• _Work item_: Within the records below is a range that opens at the line with "text \<open>The prefix" and closes at the line with "E Z) (Inl a". Return that range word for word, both ends included, and only that range.

• _Items listed in a dataset_:
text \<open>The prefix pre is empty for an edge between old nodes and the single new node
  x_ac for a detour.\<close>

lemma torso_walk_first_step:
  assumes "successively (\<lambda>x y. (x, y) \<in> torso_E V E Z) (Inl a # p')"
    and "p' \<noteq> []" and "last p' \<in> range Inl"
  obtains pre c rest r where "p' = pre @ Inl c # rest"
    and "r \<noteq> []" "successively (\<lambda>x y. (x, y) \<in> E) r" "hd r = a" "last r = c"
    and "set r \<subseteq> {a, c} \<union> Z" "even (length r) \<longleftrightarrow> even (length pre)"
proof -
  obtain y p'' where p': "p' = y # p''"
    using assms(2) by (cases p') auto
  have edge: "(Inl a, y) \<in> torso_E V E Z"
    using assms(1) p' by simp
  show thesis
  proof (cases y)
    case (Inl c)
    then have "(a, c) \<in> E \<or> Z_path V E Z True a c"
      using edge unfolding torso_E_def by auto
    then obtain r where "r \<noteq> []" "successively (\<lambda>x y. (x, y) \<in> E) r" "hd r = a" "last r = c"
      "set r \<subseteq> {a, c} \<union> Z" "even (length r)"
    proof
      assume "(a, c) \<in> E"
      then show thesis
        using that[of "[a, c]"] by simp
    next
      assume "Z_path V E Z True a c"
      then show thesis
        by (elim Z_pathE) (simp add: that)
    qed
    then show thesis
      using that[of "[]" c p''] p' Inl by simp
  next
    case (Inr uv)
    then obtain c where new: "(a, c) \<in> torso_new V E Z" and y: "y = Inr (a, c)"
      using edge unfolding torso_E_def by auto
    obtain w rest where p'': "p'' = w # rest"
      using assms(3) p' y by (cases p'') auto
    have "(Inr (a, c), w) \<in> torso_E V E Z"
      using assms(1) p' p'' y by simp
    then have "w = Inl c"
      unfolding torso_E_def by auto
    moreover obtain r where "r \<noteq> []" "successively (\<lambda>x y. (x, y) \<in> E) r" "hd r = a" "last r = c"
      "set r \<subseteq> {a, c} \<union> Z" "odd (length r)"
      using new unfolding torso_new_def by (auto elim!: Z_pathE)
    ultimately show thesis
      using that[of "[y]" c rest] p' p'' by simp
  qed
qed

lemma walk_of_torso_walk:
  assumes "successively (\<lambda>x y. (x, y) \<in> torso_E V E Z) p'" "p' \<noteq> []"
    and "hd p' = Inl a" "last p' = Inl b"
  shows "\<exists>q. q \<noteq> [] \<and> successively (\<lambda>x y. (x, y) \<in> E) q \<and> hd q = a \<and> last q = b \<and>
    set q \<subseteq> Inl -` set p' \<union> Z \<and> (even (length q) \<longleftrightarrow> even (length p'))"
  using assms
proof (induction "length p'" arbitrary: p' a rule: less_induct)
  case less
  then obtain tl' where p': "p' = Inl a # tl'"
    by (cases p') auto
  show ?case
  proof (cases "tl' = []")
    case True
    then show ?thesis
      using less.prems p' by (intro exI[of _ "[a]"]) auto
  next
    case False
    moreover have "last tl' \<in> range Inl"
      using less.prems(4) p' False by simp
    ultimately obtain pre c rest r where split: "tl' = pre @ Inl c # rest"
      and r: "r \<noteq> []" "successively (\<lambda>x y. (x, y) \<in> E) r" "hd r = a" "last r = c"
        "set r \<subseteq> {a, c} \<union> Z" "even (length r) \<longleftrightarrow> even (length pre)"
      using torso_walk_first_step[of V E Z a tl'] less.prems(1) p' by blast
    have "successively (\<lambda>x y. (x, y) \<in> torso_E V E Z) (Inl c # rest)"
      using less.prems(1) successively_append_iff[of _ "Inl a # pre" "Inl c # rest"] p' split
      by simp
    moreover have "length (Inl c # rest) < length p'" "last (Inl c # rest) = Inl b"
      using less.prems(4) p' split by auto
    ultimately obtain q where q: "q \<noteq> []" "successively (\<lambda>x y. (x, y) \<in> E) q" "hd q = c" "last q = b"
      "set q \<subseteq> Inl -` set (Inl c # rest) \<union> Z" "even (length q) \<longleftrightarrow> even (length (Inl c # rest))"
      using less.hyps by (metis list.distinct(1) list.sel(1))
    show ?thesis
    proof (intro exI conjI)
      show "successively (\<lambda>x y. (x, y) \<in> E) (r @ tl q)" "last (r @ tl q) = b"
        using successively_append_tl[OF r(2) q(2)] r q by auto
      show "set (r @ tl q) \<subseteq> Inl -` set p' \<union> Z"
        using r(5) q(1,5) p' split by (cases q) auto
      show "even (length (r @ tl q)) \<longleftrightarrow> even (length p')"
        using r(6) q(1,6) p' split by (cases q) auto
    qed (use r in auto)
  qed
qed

==

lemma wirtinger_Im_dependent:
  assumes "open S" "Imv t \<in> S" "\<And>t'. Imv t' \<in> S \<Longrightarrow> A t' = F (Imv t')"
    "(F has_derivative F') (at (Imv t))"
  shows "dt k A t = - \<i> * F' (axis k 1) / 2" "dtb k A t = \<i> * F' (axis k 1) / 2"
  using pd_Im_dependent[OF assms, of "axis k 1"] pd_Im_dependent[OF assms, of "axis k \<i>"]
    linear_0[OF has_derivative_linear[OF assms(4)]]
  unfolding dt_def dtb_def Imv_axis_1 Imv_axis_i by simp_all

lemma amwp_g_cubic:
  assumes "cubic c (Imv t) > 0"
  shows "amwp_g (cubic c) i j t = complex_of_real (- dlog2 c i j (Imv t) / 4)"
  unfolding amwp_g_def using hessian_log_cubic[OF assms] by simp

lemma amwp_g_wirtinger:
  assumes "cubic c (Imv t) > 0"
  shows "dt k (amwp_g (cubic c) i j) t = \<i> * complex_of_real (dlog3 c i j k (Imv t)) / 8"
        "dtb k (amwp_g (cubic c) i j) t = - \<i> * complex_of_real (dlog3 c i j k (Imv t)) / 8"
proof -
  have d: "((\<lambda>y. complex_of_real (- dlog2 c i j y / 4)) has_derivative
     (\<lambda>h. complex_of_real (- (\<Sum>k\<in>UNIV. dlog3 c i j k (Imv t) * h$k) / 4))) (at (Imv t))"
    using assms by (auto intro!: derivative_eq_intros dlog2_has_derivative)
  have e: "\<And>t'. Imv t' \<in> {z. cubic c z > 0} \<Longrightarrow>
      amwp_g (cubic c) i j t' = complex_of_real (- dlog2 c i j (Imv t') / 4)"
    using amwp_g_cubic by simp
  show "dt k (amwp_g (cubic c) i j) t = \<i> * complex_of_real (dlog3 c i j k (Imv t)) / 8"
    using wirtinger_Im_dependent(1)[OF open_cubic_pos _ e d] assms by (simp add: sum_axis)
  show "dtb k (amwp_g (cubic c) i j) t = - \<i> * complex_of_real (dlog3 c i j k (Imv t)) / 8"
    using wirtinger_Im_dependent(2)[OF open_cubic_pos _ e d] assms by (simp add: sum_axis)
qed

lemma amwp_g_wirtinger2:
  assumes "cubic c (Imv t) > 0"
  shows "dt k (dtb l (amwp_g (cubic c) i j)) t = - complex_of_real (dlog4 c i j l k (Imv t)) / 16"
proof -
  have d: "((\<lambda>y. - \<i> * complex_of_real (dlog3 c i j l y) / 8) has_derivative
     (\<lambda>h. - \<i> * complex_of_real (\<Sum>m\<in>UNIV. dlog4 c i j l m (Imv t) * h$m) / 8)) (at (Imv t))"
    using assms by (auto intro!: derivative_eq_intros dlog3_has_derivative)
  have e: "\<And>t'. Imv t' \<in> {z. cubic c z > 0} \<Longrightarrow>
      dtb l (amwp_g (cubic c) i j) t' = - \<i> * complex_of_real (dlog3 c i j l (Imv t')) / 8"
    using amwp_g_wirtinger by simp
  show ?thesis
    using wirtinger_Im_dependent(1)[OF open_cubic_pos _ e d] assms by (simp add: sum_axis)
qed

• _Result_:
text \<open>The prefix pre is empty for an edge between old nodes and the single new node
  x_ac for a detour.\<close>

lemma torso_walk_first_step:
  assumes "successively (\<lambda>x y. (x, y) \<in> torso_E V E Z) (Inl a # p')"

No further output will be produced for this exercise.